TASK ITEM: Copy each entry below without any change.

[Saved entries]
'''

lemma level_weighted_sum_bounds:
  fixes \<alpha> :: real
  assumes "\<alpha> \<ge> 1" "is_level_seq n k L" "\<forall>i\<in>{1..n}. s i > 0"
  shows "(\<Sum>i = 1..n. s i) \<le> (\<Sum>i = 1..n. \<alpha> ^ L i * s i)"
    and "(\<Sum>i = 1..n. \<alpha> ^ L i * s i) \<le> \<alpha> ^ k * (\<Sum>i = 1..n. s i)"
proof -
  have "s i \<le> \<alpha> ^ L i * s i" if "i \<in> {1..n}" for i
    using mult_right_mono[OF one_le_power[OF assms(1)] less_imp_le[OF bspec[OF assms(3) that]]]
    by simp
  then show "(\<Sum>i = 1..n. s i) \<le> (\<Sum>i = 1..n. \<alpha> ^ L i * s i)"
    by (rule sum_mono)
  have "\<alpha> ^ L i * s i \<le> \<alpha> ^ k * s i" if "i \<in> {1..n}" for i
    using assms that unfolding is_level_seq_def
    by (intro mult_right_mono power_increasing) (auto simp: less_imp_le)
  then show "(\<Sum>i = 1..n. \<alpha> ^ L i * s i) \<le> \<alpha> ^ k * (\<Sum>i = 1..n. s i)"
    unfolding sum_distrib_left by (rule sum_mono)
qed

lemma ln_geometric_mean:
  fixes s :: "nat \<Rightarrow> real"
  assumes "n \<ge> 1" "\<forall>i\<in>{1..n}. s i > 0"
  shows "real n * ln ((\<Prod>i = 1..n. s i) powr (1 / real n)) = (\<Sum>i = 1..n. ln (s i))"
proof -
  have "ln (\<Prod>i = 1..n. s i) = (\<Sum>i = 1..n. ln (s i))"
    using assms by (intro ln_prod) fastforce+
  then show ?thesis using assms(1) by simp
qed

theorem proposition6:
  fixes n k :: nat and s :: "nat \<Rightarrow> real" and \<alpha> \<gamma> \<epsilon> :: real
    and Lstar L :: "nat \<Rightarrow> nat" and \<beta>star \<beta> :: real
  assumes "n \<ge> 1"
    and "\<forall>i\<in>{1..n}. s i > 0"
    and "\<alpha> > 1" and "\<gamma> > 0" and "k \<ge> 1" and "\<epsilon> > 0"
    and "exp_opt n s \<alpha> \<gamma> k Lstar \<beta>star"
    and "exp_alpha_out n s \<alpha> \<gamma> k \<epsilon> L \<beta>"
  defines "g \<equiv> (\<Prod>i = 1..n. s i) powr (1 / real n)"
  shows "score_exp n L s \<alpha> \<beta> \<gamma> - real n * ln g
           \<le> (1 + \<epsilon>) * (score_exp n Lstar s \<alpha> \<beta>star \<gamma> - real n * ln g)
         \<and> (g \<ge> 1 \<longrightarrow> score_exp n L s \<alpha> \<beta> \<gamma> \<le> (1 + \<epsilon>) * score_exp n Lstar s \<alpha> \<beta>star \<gamma>)"
proof -
  define T where "T = (\<Sum>i = 1..n. \<alpha> ^ Lstar i * s i)"
  define opt where "opt = score_exp n Lstar s \<alpha> \<beta>star \<gamma>"
  have levels: "is_level_seq n k Lstar" and "\<beta>star > 0"
    using assms(7) by (auto simp: exp_opt_def)
  have "\<alpha> > 0" using assms(3) by simp
  have sum_s: "real n * mean_seq n s = (\<Sum>i = 1..n. s i)" "(\<Sum>i = 1..n. s i) > 0"
    using assms(1,2) by (auto simp: mean_seq_def intro: sum_pos)
  then have "mean_seq n s > 0" using assms(1) by (simp add: mean_seq_def)
  have T: "real n * mean_seq n s \<le> T" "T \<le> \<alpha> ^ k * (real n * mean_seq n s)"
    using level_weighted_sum_bounds[OF _ levels assms(2)] assms(3) unfolding sum_s(1) T_def
    by simp_all
  obtain j where j: "j \<in> tested n s \<alpha> k \<epsilon>"
      "1 \<le> beta_iter n s \<epsilon> j * T / real n" "beta_iter n s \<epsilon> j * T / real n \<le> 1 + \<epsilon>"
    using ex_tested_near_optimal_beta[OF assms(1) \<open>mean_seq n s > 0\<close> \<open>\<alpha> > 0\<close> assms(6) T] by blast
  have "beta_iter n s \<epsilon> j > 0" "T > 0"
    using \<open>mean_seq n s > 0\<close> T(1) sum_s assms(6) by (simp_all add: beta_iter_def)
  have "score_exp n L s \<alpha> \<beta> \<gamma> \<le> score_exp n Lstar s \<alpha> (beta_iter n s \<epsilon> j) \<gamma>"
    by (rule exp_alpha_out_le_score[OF assms(8) j(1) levels])
  also have "\<dots> \<le> opt + real n * \<epsilon>"
    unfolding opt_def
    by (rule score_exp_le_at_near_optimal_beta[OF assms(1) \<open>\<alpha> > 0\<close> \<open>beta_iter n s \<epsilon> j > 0\<close>
          \<open>\<beta>star > 0\<close> \<open>T > 0\<close>[unfolded T_def] j(2,3)[unfolded T_def]])
  finally have additive: "score_exp n L s \<alpha> \<beta> \<gamma> \<le> opt + real n * \<epsilon>" .
  have "real n \<le> opt - real n * ln g"
    using score_exp_ge_sum_ln[OF less_imp_le[OF assms(4)] \<open>\<alpha> > 0\<close> \<open>\<beta>star > 0\<close> assms(2), of Lstar]
      ln_geometric_mean[OF assms(1,2)] by (simp add: opt_def g_def)
  then have "real n * \<epsilon> \<le> \<epsilon> * (opt - real n * ln g)"
    using assms(6) by (simp add: mult.commute)
  with additive have bound: "score_exp n L s \<alpha> \<beta> \<gamma> - real n * ln g \<le> (1 + \<epsilon>) * (opt - real n * ln g)"
    by (simp add: algebra_simps)
  moreover have "score_exp n L s \<alpha> \<beta> \<gamma> \<le> (1 + \<epsilon>) * opt" if "g \<ge> 1"
  proof -
    have "0 \<le> \<epsilon> * (real n * ln g)" using that assms(6) by simp
    then show ?thesis using bound by (simp add: algebra_simps)
  qed
  ultimately show ?thesis by (simp add: opt_def)
qed

end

'''

COMPLETED EXERCISE:
lemma level_weighted_sum_bounds:
  fixes \<alpha> :: real
  assumes "\<alpha> \<ge> 1" "is_level_seq n k L" "\<forall>i\<in>{1..n}. s i > 0"
  shows "(\<Sum>i = 1..n. s i) \<le> (\<Sum>i = 1..n. \<alpha> ^ L i * s i)"
    and "(\<Sum>i = 1..n. \<alpha> ^ L i * s i) \<le> \<alpha> ^ k * (\<Sum>i = 1..n. s i)"
proof -
  have "s i \<le> \<alpha> ^ L i * s i" if "i \<in> {1..n}" for i
    using mult_right_mono[OF one_le_power[OF assms(1)] less_imp_le[OF bspec[OF assms(3) that]]]
    by simp
  then show "(\<Sum>i = 1..n. s i) \<le> (\<Sum>i = 1..n. \<alpha> ^ L i * s i)"
    by (rule sum_mono)
  have "\<alpha> ^ L i * s i \<le> \<alpha> ^ k * s i" if "i \<in> {1..n}" for i
    using assms that unfolding is_level_seq_def
    by (intro mult_right_mono power_increasing) (auto simp: less_imp_le)
  then show "(\<Sum>i = 1..n. \<alpha> ^ L i * s i) \<le> \<alpha> ^ k * (\<Sum>i = 1..n. s i)"
    unfolding sum_distrib_left by (rule sum_mono)
qed

lemma ln_geometric_mean:
  fixes s :: "nat \<Rightarrow> real"
  assumes "n \<ge> 1" "\<forall>i\<in>{1..n}. s i > 0"
  shows "real n * ln ((\<Prod>i = 1..n. s i) powr (1 / real n)) = (\<Sum>i = 1..n. ln (s i))"
proof -
  have "ln (\<Prod>i = 1..n. s i) = (\<Sum>i = 1..n. ln (s i))"
    using assms by (intro ln_prod) fastforce+
  then show ?thesis using assms(1) by simp
qed

theorem proposition6:
  fixes n k :: nat and s :: "nat \<Rightarrow> real" and \<alpha> \<gamma> \<epsilon> :: real
    and Lstar L :: "nat \<Rightarrow> nat" and \<beta>star \<beta> :: real
  assumes "n \<ge> 1"
    and "\<forall>i\<in>{1..n}. s i > 0"
    and "\<alpha> > 1" and "\<gamma> > 0" and "k \<ge> 1" and "\<epsilon> > 0"
    and "exp_opt n s \<alpha> \<gamma> k Lstar \<beta>star"
    and "exp_alpha_out n s \<alpha> \<gamma> k \<epsilon> L \<beta>"
  defines "g \<equiv> (\<Prod>i = 1..n. s i) powr (1 / real n)"
  shows "score_exp n L s \<alpha> \<beta> \<gamma> - real n * ln g
           \<le> (1 + \<epsilon>) * (score_exp n Lstar s \<alpha> \<beta>star \<gamma> - real n * ln g)
         \<and> (g \<ge> 1 \<longrightarrow> score_exp n L s \<alpha> \<beta> \<gamma> \<le> (1 + \<epsilon>) * score_exp n Lstar s \<alpha> \<beta>star \<gamma>)"
proof -
  define T where "T = (\<Sum>i = 1..n. \<alpha> ^ Lstar i * s i)"
  define opt where "opt = score_exp n Lstar s \<alpha> \<beta>star \<gamma>"
  have levels: "is_level_seq n k Lstar" and "\<beta>star > 0"
    using assms(7) by (auto simp: exp_opt_def)
  have "\<alpha> > 0" using assms(3) by simp
  have sum_s: "real n * mean_seq n s = (\<Sum>i = 1..n. s i)" "(\<Sum>i = 1..n. s i) > 0"
    using assms(1,2) by (auto simp: mean_seq_def intro: sum_pos)
  then have "mean_seq n s > 0" using assms(1) by (simp add: mean_seq_def)
  have T: "real n * mean_seq n s \<le> T" "T \<le> \<alpha> ^ k * (real n * mean_seq n s)"
    using level_weighted_sum_bounds[OF _ levels assms(2)] assms(3) unfolding sum_s(1) T_def
    by simp_all
  obtain j where j: "j \<in> tested n s \<alpha> k \<epsilon>"
      "1 \<le> beta_iter n s \<epsilon> j * T / real n" "beta_iter n s \<epsilon> j * T / real n \<le> 1 + \<epsilon>"
    using ex_tested_near_optimal_beta[OF assms(1) \<open>mean_seq n s > 0\<close> \<open>\<alpha> > 0\<close> assms(6) T] by blast
  have "beta_iter n s \<epsilon> j > 0" "T > 0"
    using \<open>mean_seq n s > 0\<close> T(1) sum_s assms(6) by (simp_all add: beta_iter_def)
  have "score_exp n L s \<alpha> \<beta> \<gamma> \<le> score_exp n Lstar s \<alpha> (beta_iter n s \<epsilon> j) \<gamma>"
    by (rule exp_alpha_out_le_score[OF assms(8) j(1) levels])
  also have "\<dots> \<le> opt + real n * \<epsilon>"
    unfolding opt_def
    by (rule score_exp_le_at_near_optimal_beta[OF assms(1) \<open>\<alpha> > 0\<close> \<open>beta_iter n s \<epsilon> j > 0\<close>
          \<open>\<beta>star > 0\<close> \<open>T > 0\<close>[unfolded T_def] j(2,3)[unfolded T_def]])
  finally have additive: "score_exp n L s \<alpha> \<beta> \<gamma> \<le> opt + real n * \<epsilon>" .
  have "real n \<le> opt - real n * ln g"
    using score_exp_ge_sum_ln[OF less_imp_le[OF assms(4)] \<open>\<alpha> > 0\<close> \<open>\<beta>star > 0\<close> assms(2), of Lstar]
      ln_geometric_mean[OF assms(1,2)] by (simp add: opt_def g_def)
  then have "real n * \<epsilon> \<le> \<epsilon> * (opt - real n * ln g)"
    using assms(6) by (simp add: mult.commute)
  with additive have bound: "score_exp n L s \<alpha> \<beta> \<gamma> - real n * ln g \<le> (1 + \<epsilon>) * (opt - real n * ln g)"
    by (simp add: algebra_simps)
  moreover have "score_exp n L s \<alpha> \<beta> \<gamma> \<le> (1 + \<epsilon>) * opt" if "g \<ge> 1"
  proof -
    have "0 \<le> \<epsilon> * (real n * ln g)" using that assms(6) by simp
    then show ?thesis using bound by (simp add: algebra_simps)
  qed
  ultimately show ?thesis by (simp add: opt_def)
qed

end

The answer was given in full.